| WORK INSTRUCTIONS |
Every line with the string "False" should be copied from the data.

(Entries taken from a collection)
(* For every integer $n\ge0$, $B_{3,1}(n)=T(n)$. Here $B_{3,1}(n)$ is the number of partitions $\pi=(\pi_1\ge\pi_2\ge\dots\ge\pi_\ell)$ of $n$ such that $m_1(\pi)=0$, $m_j(\pi)+m_{j+1}(\pi)\le 2$ for all $j\ge1$, and for every $1\le j<\ell$, if $\pi_j-\pi_{j+1}\le1$ then $\pi_j+\pi_{j+1}\equiv 0\pmod 2$. And $T(n)$ is the number of partitions $\lambda$ of $n$ such that: $m_j(\lambda)\le 1$ for odd $j$; $m_j(\lambda)=0$ for odd $j<R_1(\lambda)+2$; $m_j(\lambda)\ge2$ for even $j$ with $0<j<R_1(\lambda)$; and no two consecutive integers both appear as parts of $\lambda$.
   Context: $m_j(\pi)$ is the multiplicity of $j$ as a part of $\pi$. $R_1(\lambda)$ is the largest part of $\lambda$ with multiplicity at least $2$, or $0$ if there is none. *)

theory Defs
  imports Main
begin

definition partitions :: "nat \<Rightarrow> nat list set" where
  "partitions n = {p. sorted_wrt (\<ge>) p \<and> 0 \<notin> set p \<and> sum_list p = n}"

abbreviation mult :: "nat \<Rightarrow> nat list \<Rightarrow> nat" where
  "mult j p \<equiv> count_list p j"

definition R1 :: "nat list \<Rightarrow> nat" where
  "R1 p = (if \<exists>j. mult j p \<ge> 2 then Max {j. mult j p \<ge> 2} else 0)"

definition B31_cond :: "nat list \<Rightarrow> bool" where
  "B31_cond p \<longleftrightarrow>
     mult 1 p = 0 \<and>
     (\<forall>j\<ge>1. mult j p + mult (j+1) p \<le> 2) \<and>
     (\<forall>i. i + 1 < length p \<longrightarrow> p!i - p!(i+1) \<le> 1 \<longrightarrow> even (p!i + p!(i+1)))"

definition B31 :: "nat \<Rightarrow> nat" where
  "B31 n = card {p \<in> partitions n. B31_cond p}"

definition T_cond :: "nat list \<Rightarrow> bool" where
  "T_cond l \<longleftrightarrow>
     (\<forall>j. odd j \<longrightarrow> mult j l \<le> 1) \<and>
     (\<forall>j. odd j \<and> j < R1 l + 2 \<longrightarrow> mult j l = 0) \<and>
     (\<forall>j. even j \<and> 0 < j \<and> j < R1 l \<longrightarrow> mult j l \<ge> 2) \<and>
     (\<forall>j. \<not> (j \<in> set l \<and> j + 1 \<in> set l))"

definition T :: "nat \<Rightarrow> nat" where
  "T n = card {l \<in> partitions n. T_cond l}"

end

theory Submission
  imports Defs
begin

text \<open>
  Write partitions as increasing lists and refine both counts by the number \<open>k\<close> of distinct
  repeated parts and the number \<open>m\<close> of parts occurring exactly once. The partitions counted by
  \<open>B31\<close> are those with parts \<open>\<ge> 2\<close>, multiplicities \<open>\<le> 2\<close> and no two consecutive integers
  as parts; those counted by \<open>T\<close> have parts \<open>\<ge> 2\<close>, no two consecutive integers as parts, and
  repeated parts exactly \<open>2, 4, \<dots>, 2k\<close>. For fixed \<open>k\<close> and \<open>m\<close> both counts, as functions of
  \<open>n\<close>, satisfy
    \<open>f k m n = f k m (n - (2k + m)) + f k (m - 1) (n - 2(2k + m)) + f (k - 1) m (n - 2(2k + m))\<close>
  with \<open>f 0 0 n = [n = 0]\<close>, and this recurrence determines them. On the first side it comes from
  removing the smallest part (once or twice) and lowering all other parts by one or two. On the
  second side the smallest part is peeled off together with all its copies, which expresses the
  count through sums over arithmetic progressions; the recurrence then follows by induction on
  \<open>k\<close>, by deciding whether the largest repeated part \<open>2k\<close> occurs more than twice and whether the
  smallest single part is \<open>2k + 2\<close>.
\<close>

definition no_consecutive :: "nat list \<Rightarrow> bool" where
  "no_consecutive L \<longleftrightarrow> (\<forall>j. \<not> (j \<in> set L \<and> Suc j \<in> set L))"

definition num_repeated :: "nat list \<Rightarrow> nat" where
  "num_repeated L = card {j. 2 \<le> count_list L j}"

definition num_single :: "nat list \<Rightarrow> nat" where
  "num_single L = card {j. count_list L j = 1}"

lemma in_set_iff_count_list_pos: "x \<in> set L \<longleftrightarrow> 0 < count_list L x"
  by (metis count_list_0_iff gr0I less_numeral_extra(3))

lemma count_list_pred_subset_set: "\<not> P 0 \<Longrightarrow> {j. P (count_list L j)} \<subseteq> set L"
  by (auto simp: in_set_iff_count_list_pos) (metis gr0I)

lemma finite_count_list_pred: "\<not> P 0 \<Longrightarrow> finite {j. P (count_list L j)}"
  by (rule finite_subset[OF count_list_pred_subset_set]) simp_all

lemma card_count_list_pred_insert:
  assumes "x \<notin> set L" and "P (count_list M x)" and "\<not> P 0"
    and "\<And>j. j \<noteq> x \<Longrightarrow> count_list M j = count_list L j"
  shows "card {j. P (count_list M j)} = Suc (card {j. P (count_list L j)})"
proof -
  have "{j. P (count_list M j)} = insert x {j. P (count_list L j)}"
    using assms by auto metis
  then show ?thesis
    using assms by (simp add: finite_count_list_pred count_list_0_iff)
qed

lemma num_parts_Nil: "num_repeated [] = 0" "num_single [] = 0"
  by (simp_all add: num_repeated_def num_single_def)

lemma num_parts_Cons_notin:
  assumes "x \<notin> set L"
  shows "num_repeated (x # L) = num_repeated L" "num_single (x # L) = Suc (num_single L)"
proof -
  show "num_repeated (x # L) = num_repeated L"
    unfolding num_repeated_def by (rule arg_cong[where f = card]) (use assms in auto)
  show "num_single (x # L) = Suc (num_single L)"
    unfolding num_single_def by (rule card_count_list_pred_insert) (use assms in auto)
qed

lemma num_parts_Cons_Cons_notin:
  assumes "x \<notin> set L"
  shows "num_repeated (x # x # L) = Suc (num_repeated L)" "num_single (x # x # L) = num_single L"
proof -
  show "num_repeated (x # x # L) = Suc (num_repeated L)"
    unfolding num_repeated_def by (rule card_count_list_pred_insert) (use assms in auto)
  show "num_single (x # x # L) = num_single L"
    unfolding num_single_def by (rule arg_cong[where f = card]) (use assms in auto)
qed

lemma num_parts_Cons_repeated:
  assumes "2 \<le> count_list L x"
  shows "num_repeated (x # L) = num_repeated L" "num_single (x # L) = num_single L"
  unfolding num_repeated_def num_single_def
  by (rule arg_cong[where f = card], use assms in auto)+

lemma num_parts_eq_0_imp_Nil:
  assumes "num_repeated L = 0" and "num_single L = 0"
  shows "L = []"
proof (rule ccontr)
  assume "L \<noteq> []"
  then obtain x where "count_list L x \<noteq> 0" by (metis count_list_0_iff last_in_set)
  then have "x \<in> {j. 2 \<le> count_list L j} \<or> x \<in> {j. count_list L j = 1}" by auto
  then show False
    using assms finite_count_list_pred[of "\<lambda>i. 2 \<le> i" L] finite_count_list_pred[of "\<lambda>i. i = 1" L]
    by (auto simp: num_repeated_def num_single_def)
qed

lemma num_repeated_eq_0_iff: "num_repeated L = 0 \<longleftrightarrow> (\<forall>j. count_list L j < 2)"
  using finite_count_list_pred[of "\<lambda>i. 2 \<le> i" L] by (auto simp: num_repeated_def not_le)

lemma length_eq_num_parts:
  assumes "\<forall>j. count_list L j \<le> 2"
  shows "length L = 2 * num_repeated L + num_single L"
proof -
  let ?R = "{j. 2 \<le> count_list L j}" and ?S = "{j. count_list L j = 1}"
  have fin: "finite ?R" "finite ?S" by (rule finite_count_list_pred, simp)+
  have set_L: "set L = ?R \<union> ?S"
  proof (intro set_eqI iffI)
    fix j assume "j \<in> set L"
    then have "0 < count_list L j" by (simp only: in_set_iff_count_list_pos)
    then show "j \<in> ?R \<union> ?S" using assms[rule_format, of j] by auto
  qed (auto simp only: in_set_iff_count_list_pos mem_Collect_eq Un_iff)
  have "length L = sum (count_list L) (?R \<union> ?S)"
    using sum_count_set[of L "set L"] fin unfolding set_L by simp
  also have "\<dots> = sum (count_list L) ?R + sum (count_list L) ?S"
    by (rule sum.union_disjoint) (use fin in auto)
  also have "sum (count_list L) ?R = sum (\<lambda>_. 2) ?R"
    using assms by (intro sum.cong) (auto intro: antisym)
  also have "sum (count_list L) ?S = sum (\<lambda>_. 1) ?S" by simp
  finally show ?thesis by (simp add: num_repeated_def num_single_def)
qed

lemma length_le_sum_list: "0 \<notin> set L \<Longrightarrow> length L \<le> sum_list L"
  by (induction L) (auto simp: Suc_le_eq)

lemma num_parts_le_sum_list:
  assumes "0 \<notin> set L"
  shows "num_repeated L \<le> sum_list L" and "num_single L \<le> sum_list L"
proof -
  have "card {j. P (count_list L j)} \<le> sum_list L" if "\<not> P 0" for P
  proof -
    have "card {j. P (count_list L j)} \<le> card (set L)"
      using that by (intro card_mono count_list_pred_subset_set) simp
    also have "\<dots> \<le> length L" by (rule card_length)
    also have "\<dots> \<le> sum_list L" using assms by (rule length_le_sum_list)
    finally show ?thesis .
  qed
  from this[of "\<lambda>i. 2 \<le> i"] this[of "\<lambda>i. i = 1"]
  show "num_repeated L \<le> sum_list L" "num_single L \<le> sum_list L"
    unfolding num_repeated_def num_single_def by simp_all
qed

lemma finite_lists_sum_list: "finite {L :: nat list. 0 \<notin> set L \<and> sum_list L = n}"
proof (rule finite_subset)
  show "{L. 0 \<notin> set L \<and> sum_list L = n} \<subseteq> {L. set L \<subseteq> {..n} \<and> length L \<le> n}"
    using length_le_sum_list member_le_sum_list by fastforce
qed (rule finite_lists_length_le, simp)

lemma count_list_map_Suc: "count_list (map Suc L) j = (if j = 0 then 0 else count_list L (j - 1))"
  by (induction L) auto

lemma Collect_count_list_map_Suc:
  assumes "\<not> P 0"
  shows "{j. P (count_list (map Suc L) j)} = Suc ` {j. P (count_list L j)}"
proof (intro set_eqI iffI)
  fix j assume j: "j \<in> {j. P (count_list (map Suc L) j)}"
  with assms obtain i where "j = Suc i" by (cases j) (auto simp: count_list_map_Suc)
  with j show "j \<in> Suc ` {j. P (count_list L j)}" by (simp add: count_list_map_Suc)
qed (auto simp: count_list_map_Suc)

lemma num_parts_map_Suc:
  "num_repeated (map Suc L) = num_repeated L" "num_single (map Suc L) = num_single L"
  unfolding num_repeated_def num_single_def
  by (subst Collect_count_list_map_Suc, simp, rule card_image, simp)+

lemma sum_list_map_Suc: "sum_list (map Suc L) = sum_list L + length L"
  using sum_list_Suc[of "\<lambda>x. x" L] by simp

lemma sorted_Cons_min:
  assumes "sorted L" and "\<forall>x\<in>set L. c \<le> x" and "c \<in> set L"
  obtains L' where "L = c # L'"
proof (cases L)
  case (Cons a L')
  with assms have "a = c" by (auto intro: antisym)
  with Cons that show thesis by blast
qed (use assms in simp)

lemma sorted_min_cases:
  assumes "sorted L" and "\<forall>x\<in>set L. c \<le> x"
  obtains "c \<notin> set L" | L' where "L = c # L'" "c \<notin> set L'" | L' where "L = c # c # L'"
proof (cases "c \<in> set L")
  case True
  with assms obtain L1 where L1: "L = c # L1" by (rule sorted_Cons_min)
  show thesis
  proof (cases "c \<in> set L1")
    case True
    with assms L1 obtain L2 where "L1 = c # L2" by (auto elim: sorted_Cons_min)
    with L1 that(3) show thesis by blast
  qed (use L1 that(2) in blast)
qed (use that(1) in blast)

lemma no_consecutive_Cons:
  assumes "no_consecutive L" and "\<forall>x\<in>set L. c + 2 \<le> x"
  shows "no_consecutive (c # L)"
  unfolding no_consecutive_def
proof (intro allI notI)
  fix j assume j: "j \<in> set (c # L) \<and> Suc j \<in> set (c # L)"
  show False
  proof (cases "j = c")
    case True
    with j assms(2) show False by auto
  next
    case False
    with j have "j \<in> set L" by simp
    with j assms(2) have "Suc j \<in> set L" by auto
    with \<open>j \<in> set L\<close> assms(1) show False by (simp add: no_consecutive_def)
  qed
qed

lemma no_consecutive_Cons_Cons: "no_consecutive (c # c # L) \<longleftrightarrow> no_consecutive (c # L)"
  by (simp add: no_consecutive_def)

lemma no_consecutive_map_Suc: "no_consecutive (map Suc L) \<longleftrightarrow> no_consecutive L"
proof
  assume h: "no_consecutive (map Suc L)"
  show "no_consecutive L"
    unfolding no_consecutive_def
  proof (intro allI notI)
    fix j assume "j \<in> set L \<and> Suc j \<in> set L"
    then have "Suc j \<in> set (map Suc L) \<and> Suc (Suc j) \<in> set (map Suc L)" by simp
    with h show False unfolding no_consecutive_def by blast
  qed
next
  assume h: "no_consecutive L"
  show "no_consecutive (map Suc L)"
    unfolding no_consecutive_def
  proof (intro allI notI)
    fix j assume j: "j \<in> set (map Suc L) \<and> Suc j \<in> set (map Suc L)"
    then obtain i where "j = Suc i" "i \<in> set L" by auto
    with j have "i \<in> set L \<and> Suc i \<in> set L" by auto
    with h show False unfolding no_consecutive_def by blast
  qed
qed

| EXERCISE RESULT |
  then show False
  show False
    with j assms(2) show False by auto
    case False
    with \<open>j \<in> set L\<close> assms(1) show False by (simp add: no_consecutive_def)
    with h show False unfolding no_consecutive_def by blast
    with h show False unfolding no_consecutive_def by blast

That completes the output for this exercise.